My issue with this is that the LLM could just be roleplaying that it doesn't know.

brianwawok

13 days ago

1 reply

To test would just need to edit the rom and switch around the solution. Not sure how complicated that is, likely depends on the rom system.

Workaccount2

13 days ago

I don't know why people still get wrapped around the axle of "training data".

Basically every benchmark worth it's salt uses bespoke problems purposely tuned to force the models to reason and generalize. It's the whole point of ARC-AGI tests.

Unsurprisingly Gemini 3 pro performs way better on ARC-AGI than 2.5 pro, and unsurprisingly it did much better in pokemon.

The benchmarks, by design, indicate you can mix up the switch puzzle pattern and it will still solve it.

jdiff

13 days ago

1 reply

Of course it is. It's not capable of actually forgetting or suppressing its training data. It's just double checking rather than assuming because of the prompt. Roleplaying is exactly what it's doing. At any point, it may stop doing that and spit out an answer solely based on training data.

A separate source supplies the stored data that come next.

lemma exp_clip_le:
  assumes t: "t > 0" and b: "b > 0"
  shows "exp (t * clip b y) \<le> 1 + t * y + (t / b + t^2 * exp (t * b)) * y^2"
proof -
  have nn: "0 \<le> t / b * y^2" using t b by simp
  have big: "(t * b)^2 * exp (t * b) \<le> t^2 * exp (t * b) * y^2" if "b \<le> \<bar>y\<bar>"
  proof -
    have "b^2 \<le> y^2" using power_mono[OF that, of 2] b by simp
    then have "t^2 * b^2 * exp (t * b) \<le> t^2 * y^2 * exp (t * b)"
      by (intro mult_right_mono mult_left_mono) auto
    then show ?thesis by (simp add: power_mult_distrib mult.commute mult.left_commute)
  qed
  consider "\<bar>y\<bar> \<le> b" | "y > b" | "y < - b" by linarith
  then show ?thesis
  proof cases
    case 1
    have "\<bar>t * y\<bar> \<le> t * b" using 1 t by (simp add: abs_mult mult_left_mono)
    then have "t^2 * y^2 * exp \<bar>t * y\<bar> \<le> t^2 * y^2 * exp (t * b)"
      by (intro mult_left_mono) auto
    then have "(t * y)^2 * exp \<bar>t * y\<bar> \<le> t^2 * exp (t * b) * y^2"
      by (simp add: power_mult_distrib mult.commute mult.left_commute)
    then show ?thesis
      using exp_le_quadratic[of "t * y"] clip_eq[OF 1] nn by (simp add: algebra_simps)
  next
    case 2
    have q: "(t * b)^2 * exp (t * b) \<le> t^2 * exp (t * b) * y^2" using big 2 by simp
    have "exp (t * clip b y) = exp (t * b)" using 2 b by (simp add: clip_def)
    also have "\<dots> \<le> 1 + t * b + (t * b)^2 * exp (t * b)" using exp_le_quadratic[of "t * b"] t b by simp
    also have "\<dots> \<le> 1 + t * y + t^2 * exp (t * b) * y^2"
      using q mult_strict_left_mono[OF 2 t] by linarith
    finally show ?thesis using nn by (simp add: algebra_simps)
  next
    case 3
    have q: "(t * b)^2 * exp (t * b) \<le> t^2 * exp (t * b) * y^2" using big 3 by simp
    have lin: "- (t * b) \<le> t * y + t / b * y^2"
    proof -
      have "y^2 + b * y + b^2 = (y + b/2)^2 + 3/4 * b^2" by (simp add: power2_eq_square algebra_simps)
      then have "0 \<le> t / b * (y^2 + b * y + b^2)" using t b by simp
      then show ?thesis using b by (simp add: algebra_simps power2_eq_square)
    qed
    have "exp (t * clip b y) = exp (- (t * b))" using 3 b by (simp add: clip_def)
    also have "\<dots> \<le> 1 - t * b + (t * b)^2 * exp (t * b)" using exp_le_quadratic[of "- (t * b)"] t b by simp
    also have "\<dots> \<le> 1 + t * y + t / b * y^2 + t^2 * exp (t * b) * y^2" using q lin by linarith
    finally show ?thesis by (simp add: algebra_simps)
  qed
qed

lemma exp_clip_bounds: "t \<ge> 0 \<Longrightarrow> b \<ge> 0 \<Longrightarrow> 0 \<le> exp (t * clip b x) \<and> exp (t * clip b x) \<le> exp (t * b)"
  using abs_clip_le[of b x] by (simp add: abs_le_iff mult_left_mono)

lemma exp_clip_lipschitz:
  assumes "t \<ge> 0" "b \<ge> 0"
  shows "\<bar>exp (t * clip b x) - exp (t * clip b y)\<bar> \<le> (exp (t * b) * t) * \<bar>x - y\<bar>"
proof -
  have "\<bar>exp (t * clip b x) - exp (t * clip b y)\<bar> \<le> exp (t * b) * \<bar>t * clip b x - t * clip b y\<bar>"
    using exp_clip_bounds[OF assms] by (intro exp_lipschitz_le) auto
  also have "\<bar>t * clip b x - t * clip b y\<bar> \<le> t * \<bar>x - y\<bar>"
    using clip_lipschitz[of b x y] assms(1)
    by (simp add: abs_mult right_diff_distrib[symmetric] mult_left_mono)
  finally show ?thesis by (simp add: mult_left_mono mult.assoc)
qed
(* Assume $k\ge 2\cdot10^8$, the stream is in random order, and there exists a dense set $D\subseteq V$. Then with probability at least $0.01$ the output $S$ of Algorithm 1 satisfies $f(S)\ge0.50025\cdot\mathrm{OPT}$.
   Context: $V$ is a finite ground set with $|V|=n$; $f:2^V\to\mathbb{R}_{\ge0}$ is monotone, submodular and normalized ($f(\emptyset)=0$); $f(X\mid Y)=f(X\cup Y)-f(Y)$ and $f(e\mid Y)=f(\{e\}\mid Y)$. $k$ is a positive integer with $k\le n$, $\mathrm{OPT}=\max\{f(S):S\subseteq V,|S|\le k\}$. A stream is an ordering $e_1,\dots,e_n$ of $V$; "random order" means a uniformly random permutation. A set $D$ is dense if $|D|\le\eta k$ and $f(D)\ge\frac{1-\gamma}{2}\mathrm{OPT}$, where $\gamma=10^{-2}$, $\eta=5\cdot10^{-5}$. Algorithm 1 (knows $\mathrm{OPT}$): start with $S=\emptyset$; for $i=1,\dots,n$, add $e_i$ to $S$ if $|S|<k$ and either ($i\le 0.9n$ and $f(e_i\mid S)\ge\frac{100}{k}\mathrm{OPT}$) or ($i>0.9n$ and $f(e_i\mid S)\ge\frac{1}{10k}\mathrm{OPT}$); return $S$. *)

theory Defs
  imports "HOL-Probability.Probability"
begin

definition monotone_fn :: "'a set \<Rightarrow> ('a set \<Rightarrow> real) \<Rightarrow> bool" where
  "monotone_fn V f \<longleftrightarrow> (\<forall>A B. A \<subseteq> B \<and> B \<subseteq> V \<longrightarrow> f A \<le> f B)"

definition submodular :: "'a set \<Rightarrow> ('a set \<Rightarrow> real) \<Rightarrow> bool" where
  "submodular V f \<longleftrightarrow>
     (\<forall>A B. A \<subseteq> V \<and> B \<subseteq> V \<longrightarrow> f (A \<union> B) + f (A \<inter> B) \<le> f A + f B)"

definition OPT :: "'a set \<Rightarrow> ('a set \<Rightarrow> real) \<Rightarrow> nat \<Rightarrow> real" where
  "OPT V f k = Max (f ` {S. S \<subseteq> V \<and> card S \<le> k})"

definition gamma :: real where "gamma = 1/100"
definition eta :: real where "eta = 5 / 100000"

definition dense :: "'a set \<Rightarrow> ('a set \<Rightarrow> real) \<Rightarrow> nat \<Rightarrow> 'a set \<Rightarrow> bool" where
  "dense V f k D \<longleftrightarrow> D \<subseteq> V \<and> real (card D) \<le> eta * real k
      \<and> f D \<ge> (1 - gamma) / 2 * OPT V f k"

text \<open>Algorithm 1. Parameters: f, the value opt (= OPT), k, n (stream length),
  i = 1-based index of the current element, remaining stream, current set S.\<close>
fun alg1_aux :: "('a set \<Rightarrow> real) \<Rightarrow> real \<Rightarrow> nat \<Rightarrow> nat \<Rightarrow> nat \<Rightarrow> 'a list \<Rightarrow> 'a set \<Rightarrow> 'a set" where
  "alg1_aux f opt k n i [] S = S"
| "alg1_aux f opt k n i (e # es) S =
     alg1_aux f opt k n (Suc i) es
       (if card S < k \<and>
           ((real i \<le> 9/10 * real n \<and> f (insert e S) - f S \<ge> 100 / real k * opt) \<or>
            (real i > 9/10 * real n \<and> f (insert e S) - f S \<ge> 1 / (10 * real k) * opt))
        then insert e S else S)"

It's a big part of why search overview summaries are so awful. Many times the answers are not grounded in the material.

wavemode

13 days ago

It may actually have the opposite effect - the instruction to not use prior knowledge may have been what caused Gemini 3 to assume incorrect details about how certain puzzles worked and get itself stuck for hours. It knew the right answer (from some game walkthrough in its training data), but intentionally went in a different direction in order to pretend that it didn't know. So, paradoxically, the results of the test end up worse than if the model truly didn't know.

stavros

13 days ago

Doesn't know what? This isn't about the model forgetting the training data, of course it can't do that any more than I can say "press the red button. Actually, forget that, press whatever you want" and have you actually forget what I said.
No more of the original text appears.